- _WHAT THE TASK REQUIRES_:
Say how many lines of the data contain "cong", and nothing more.

====== MATERIAL TO PROCESS ======

(* Let $d\ge1$, let $P$ be a probability distribution on $\{0,1\}^d$ with $P(\nu)>0$ for all $\nu$, and fix $\omega\in\{0,1\}^d$. Let $A_\omega$ be the $(2^d-1)\times d$ binary matrix with rows indexed by $\nu\in\{0,1\}^d\setminus\{\omega\}$ and entries $A_\omega(\nu,i)=1$ if $\nu_i\ne\omega_i$ and $0$ otherwise, and let $b_\omega(\nu)=\ln(P(\nu)/P(\omega))$. Then the polyhedron $\{y\in\mathbb{R}^d\mid A_\omega y\le b_\omega\}$ is pointed, i.e. it contains at least one vertex.
   Context: A point $y$ of the polyhedron $\{y: A_\omega y\le b_\omega\}$ is a vertex if there is an invertible $d\times d$ submatrix $A'_\omega$ of $A_\omega$, formed by some $d$ rows, with corresponding subvector $b'_\omega$ of $b_\omega$ (same rows), such that $A'_\omega y=b'_\omega$. *)

theory Defs
  imports "HOL-Analysis.Analysis"
begin

text \<open>Points of {0,1}^d are vectors \<open>bool ^ 'd\<close> (True = 1); the dimension d is CARD('d) \<ge> 1.
  Rows of A_omega are indexed by \<open>\<nu> \<noteq> \<omega>\<close>.\<close>

definition A_om :: "bool ^ 'd \<Rightarrow> bool ^ 'd \<Rightarrow> 'd \<Rightarrow> real" where
  "A_om \<omega> \<nu> i = (if \<nu> $ i \<noteq> \<omega> $ i then 1 else 0)"

definition b_om :: "(bool ^ 'd \<Rightarrow> real) \<Rightarrow> bool ^ 'd \<Rightarrow> bool ^ 'd \<Rightarrow> real" where
  "b_om P \<omega> \<nu> = ln (P \<nu> / P \<omega>)"

definition polyhedron_om :: "(bool ^ 'd \<Rightarrow> real) \<Rightarrow> bool ^ 'd \<Rightarrow> (real ^ 'd) set" where
  "polyhedron_om P \<omega> = {y. \<forall>\<nu>. \<nu> \<noteq> \<omega> \<longrightarrow> (\<Sum>i\<in>UNIV. A_om \<omega> \<nu> i * y $ i) \<le> b_om P \<omega> \<nu>}"

definition is_vertex_om :: "(bool ^ 'd \<Rightarrow> real) \<Rightarrow> bool ^ 'd \<Rightarrow> real ^ 'd \<Rightarrow> bool" where
  "is_vertex_om P \<omega> y \<longleftrightarrow> y \<in> polyhedron_om P \<omega> \<and>
     (\<exists>r :: 'd \<Rightarrow> bool ^ 'd. inj r \<and> (\<forall>k. r k \<noteq> \<omega>) \<and>
        invertible ((\<chi> k i. A_om \<omega> (r k) i) :: real ^ 'd ^ 'd) \<and>
        ((\<chi> k i. A_om \<omega> (r k) i) :: real ^ 'd ^ 'd) *v y = (\<chi> k. b_om P \<omega> (r k)))"

end

theory Submission
  imports Defs
begin

text \<open>Identifying a row \<open>\<nu> \<noteq> \<omega>\<close> with the nonempty set of coordinates where \<open>\<nu>\<close> differs
  from \<open>\<omega>\<close>, the system \<open>A\<^sub>\<omega> y \<le> b\<^sub>\<omega>\<close> reads \<open>\<Sum>i\<in>S. y i \<le> b S\<close> for all nonempty sets \<open>S\<close>
  of coordinates. Such a system has a vertex, built greedily: adding the coordinates one at a
  time, give the new coordinate \<open>k\<close> the largest value compatible with the constraints seen so
  far, which makes some constraint \<open>S \<ni> k\<close> tight. The earlier tight constraints avoid \<open>k\<close>, so the
  tight rows form a triangular system and are linearly independent.
  The hypotheses on \<open>P\<close> only make \<open>b\<^sub>\<omega>\<close> meaningful; the argument works for any right-hand side.\<close>

lemma subset_sum_feasible_extend:
  fixes b :: "'a set \<Rightarrow> real" and y :: "'a \<Rightarrow> real"
  assumes "finite I" "k \<notin> I"
    and feasible: "\<And>S. S \<noteq> {} \<Longrightarrow> S \<subseteq> I \<Longrightarrow> sum y S \<le> b S"
  obtains S v where "k \<in> S" "S \<subseteq> insert k I" "sum (y(k := v)) S = b S"
    "\<And>T. T \<noteq> {} \<Longrightarrow> T \<subseteq> insert k I \<Longrightarrow> sum (y(k := v)) T \<le> b T"
proof -
  define C where "C = {S. k \<in> S \<and> S \<subseteq> insert k I}"
  define slack where "slack S = b S - sum y (S - {k})" for S
  define S\<^sub>k where "S\<^sub>k = arg_min_on slack C"
  define y' where "y' = y(k := slack S\<^sub>k)"
  have "C \<subseteq> Pow (insert k I)" "{k} \<in> C"
    by (auto simp: C_def)
  then have C: "finite C" "C \<noteq> {}"
    using assms(1) finite_subset by blast+
  have S\<^sub>k: "k \<in> S\<^sub>k" "S\<^sub>k \<subseteq> insert k I"
    using arg_min_if_finite(1)[OF C] by (auto simp: S\<^sub>k_def C_def)
  have S\<^sub>k_min: "slack S\<^sub>k \<le> slack S" if "S \<in> C" for S
    using arg_min_least[OF C that] by (simp add: S\<^sub>k_def)
  have sum_y'_old: "sum y' S = sum y S" if "S \<subseteq> I" for S
    using that assms(2) by (intro sum.cong) (auto simp: y'_def)
  have sum_y'_new: "sum y' S = slack S\<^sub>k + sum y (S - {k})" if "k \<in> S" "S \<subseteq> insert k I" for S
  proof -
    have "sum y' S = y' k + sum y' (S - {k})"
      using that assms(1) by (intro sum.remove) (auto intro: finite_subset)
    also have "sum y' (S - {k}) = sum y (S - {k})"
      using that(2) by (intro sum_y'_old) auto
    finally show ?thesis by (simp add: y'_def)
  qed
  have "sum y' T \<le> b T" if "T \<noteq> {}" "T \<subseteq> insert k I" for T
  proof (cases "k \<in> T")
    case True
    with that have "T \<in> C" by (simp add: C_def)
    with True that show ?thesis
      using S\<^sub>k_min[of T] by (simp add: sum_y'_new slack_def)
  next
    case False
    with that have "T \<subseteq> I" by blast
    with that show ?thesis by (simp add: sum_y'_old feasible)
  qed
  moreover have "sum y' S\<^sub>k = b S\<^sub>k"
    using S\<^sub>k by (simp add: sum_y'_new slack_def)
  ultimately show ?thesis
    using that S\<^sub>k by (simp add: y'_def)
qed

lemma subset_sums_independent_insert:
  fixes x :: "'a \<Rightarrow> real"
  assumes "finite S" "k \<notin> I" "k \<in> S" "S \<subseteq> insert k I" "\<forall>j\<in>I. R j \<subseteq> I"
    and indep: "\<forall>x :: 'a \<Rightarrow> real. (\<forall>j\<in>I. sum x (R j) = 0) \<longrightarrow> (\<forall>i\<in>I. x i = 0)"
    and zero: "\<forall>j\<in>insert k I. sum x ((R(k := S)) j) = 0"
  shows "\<forall>i\<in>insert k I. x i = 0"
proof -
  have "sum x (R j) = 0" if "j \<in> I" for j
    using zero that assms(2) by (metis fun_upd_other insertI2)
  with indep have old: "\<forall>i\<in>I. x i = 0" by blast
  have "sum x S = x k + sum x (S - {k})"
    using assms(1,3) by (rule sum.remove)
  also have "sum x (S - {k}) = 0"
    using assms(4) old by (intro sum.neutral) auto
  moreover have "sum x S = 0"
    using zero by simp
  ultimately have "x k = 0" by simp
  with old show ?thesis by simp
qed

lemma subset_sum_system_vertex_exists:
  fixes b :: "'a set \<Rightarrow> real"
  assumes "finite I"
  shows "\<exists>(y :: 'a \<Rightarrow> real) (R :: 'a \<Rightarrow> 'a set).
    (\<forall>S. S \<noteq> {} \<and> S \<subseteq> I \<longrightarrow> sum y S \<le> b S) \<and>
    (\<forall>k\<in>I. k \<in> R k \<and> R k \<subseteq> I \<and> sum y (R k) = b (R k)) \<and>
    inj_on R I \<and>
    (\<forall>x :: 'a \<Rightarrow> real. (\<forall>k\<in>I. sum x (R k) = 0) \<longrightarrow> (\<forall>i\<in>I. x i = 0))"
  using assms
proof (induction I rule: finite_induct)
  case empty
  show ?case by simp
next
  case (insert k I)
  from insert.IH obtain y R where
    feasible: "\<forall>S. S \<noteq> {} \<and> S \<subseteq> I \<longrightarrow> sum y S \<le> b S" and
    tight: "\<forall>j\<in>I. j \<in> R j \<and> R j \<subseteq> I \<and> sum y (R j) = b (R j)" and
    inj: "inj_on R I" and
    indep: "\<forall>x :: 'a \<Rightarrow> real. (\<forall>j\<in>I. sum x (R j) = 0) \<longrightarrow> (\<forall>i\<in>I. x i = 0)"
    by blast
  obtain S v where S: "k \<in> S" "S \<subseteq> insert k I" "sum (y(k := v)) S = b S"
    and feasible': "\<And>T. T \<noteq> {} \<Longrightarrow> T \<subseteq> insert k I \<Longrightarrow> sum (y(k := v)) T \<le> b T"
    using subset_sum_feasible_extend[OF insert.hyps feasible[rule_format, OF conjI]] by blast
  have "finite S"
    using S(2) insert.hyps(1) by (meson finite_insert finite_subset)
  have R_old: "\<forall>j\<in>I. R j \<subseteq> I"
    using tight by blast
  have y_old: "sum (y(k := v)) T = sum y T" if "T \<subseteq> I" for T
    using that insert.hyps(2) by (intro sum.cong) auto
  have "sum (y(k := v)) (R j) = b (R j)" if "j \<in> I" for j
    using tight that y_old[of "R j"] by simp
  then have tight': "\<forall>j\<in>insert k I. j \<in> (R(k := S)) j \<and> (R(k := S)) j \<subseteq> insert k I \<and>
      sum (y(k := v)) ((R(k := S)) j) = b ((R(k := S)) j)"
    using S tight insert.hyps(2) by auto
  have inj': "inj_on (R(k := S)) (insert k I)"
  proof -
    have "S \<notin> R ` I"
      using tight insert.hyps(2) S(1) by blast
    with inj insert.hyps(2) show ?thesis by (auto simp: inj_on_fun_updI)
  qed
  have indep': "\<forall>x :: 'a \<Rightarrow> real. (\<forall>j\<in>insert k I. sum x ((R(k := S)) j) = 0) \<longrightarrow>
      (\<forall>i\<in>insert k I. x i = 0)"
    using subset_sums_independent_insert[OF \<open>finite S\<close> insert.hyps(2) S(1,2) R_old indep] by blast
  show ?case
    using feasible' tight' inj' indep' by (intro exI[of _ "y(k := v)"] exI[of _ "R(k := S)"]) blast
qed

definition disagreement :: "bool ^ 'd \<Rightarrow> bool ^ 'd \<Rightarrow> 'd set" where
  "disagreement \<omega> \<nu> = {i. \<nu> $ i \<noteq> \<omega> $ i}"

definition flip_coords :: "bool ^ 'd \<Rightarrow> 'd set \<Rightarrow> bool ^ 'd" where
  "flip_coords \<omega> S = (\<chi> i. if i \<in> S then \<not> \<omega> $ i else \<omega> $ i)"

lemma disagreement_flip_coords [simp]: "disagreement \<omega> (flip_coords \<omega> S) = S"
  by (auto simp: disagreement_def flip_coords_def)

lemma flip_coords_disagreement [simp]: "flip_coords \<omega> (disagreement \<omega> \<nu>) = \<nu>"
  by (auto simp: disagreement_def flip_coords_def vec_eq_iff)

lemma inj_flip_coords: "inj (flip_coords \<omega>)"
  by (metis disagreement_flip_coords injI)

lemma disagreement_empty_iff: "disagreement \<omega> \<nu> = {} \<longleftrightarrow> \<nu> = \<omega>"
  by (auto simp: disagreement_def vec_eq_iff)

lemma row_A_om_dot: "(\<Sum>i\<in>UNIV. A_om \<omega> \<nu> i * y $ i) = (\<Sum>i\<in>disagreement \<omega> \<nu>. y $ i)"
proof -
  have "(\<Sum>i\<in>UNIV. A_om \<omega> \<nu> i * y $ i) = (\<Sum>i\<in>UNIV. if i \<in> disagreement \<omega> \<nu> then y $ i else 0)"
    by (intro sum.cong) (auto simp: A_om_def disagreement_def)
  then show ?thesis
    by (simp add: sum.If_cases)
qed

theorem lemma4:
  fixes P :: "bool ^ 'd \<Rightarrow> real" and \<omega> :: "bool ^ 'd"
  assumes "\<And>\<nu>. P \<nu> > 0"
    and "(\<Sum>\<nu>\<in>UNIV. P \<nu>) = 1"
  shows "\<exists>y. is_vertex_om P \<omega> y"
proof -
  obtain y R where
    feasible: "\<forall>S. S \<noteq> {} \<longrightarrow> sum y S \<le> b_om P \<omega> (flip_coords \<omega> S)" and
    tight: "\<forall>k. k \<in> R k \<and> sum y (R k) = b_om P \<omega> (flip_coords \<omega> (R k))" and
    inj: "inj R" and
    indep: "\<forall>x :: 'd \<Rightarrow> real. (\<forall>k. sum x (R k) = 0) \<longrightarrow> (\<forall>i. x i = 0)"
    using subset_sum_system_vertex_exists[of UNIV "\<lambda>S. b_om P \<omega> (flip_coords \<omega> S)"] by auto
  define r where "r = flip_coords \<omega> \<circ> R"
  define M where "M = ((\<chi> k i. A_om \<omega> (r k) i) :: real ^ 'd ^ 'd)"
  have M_mult: "M *v x = (\<chi> k. \<Sum>i\<in>R k. x $ i)" for x
    by (simp add: M_def matrix_vector_mult_def row_A_om_dot r_def)
  have "invertible M"
    unfolding invertible_left_inverse matrix_left_invertible_ker
    using indep by (auto simp: M_mult vec_eq_iff)
  moreover have "inj r"
    unfolding r_def using inj_flip_coords inj by (rule inj_compose)
  moreover have "r k \<noteq> \<omega>" for k
    using tight disagreement_empty_iff[of \<omega> "r k"] by (auto simp: r_def)
  moreover have "vec_lambda y \<in> polyhedron_om P \<omega>"
  proof -
    have "(\<Sum>i\<in>disagreement \<omega> \<nu>. y i) \<le> b_om P \<omega> \<nu>" if "\<nu> \<noteq> \<omega>" for \<nu>
      using feasible[rule_format, of "disagreement \<omega> \<nu>"] that by (simp add: disagreement_empty_iff)
    then show ?thesis by (simp add: polyhedron_om_def row_A_om_dot)
  qed
  moreover have "M *v vec_lambda y = (\<chi> k. b_om P \<omega> (r k))"
    using tight by (simp add: M_mult r_def)
  ultimately show ?thesis
    unfolding is_vertex_om_def M_def by blast
qed

end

======

- _ANSWER TO THIS TASK_:
3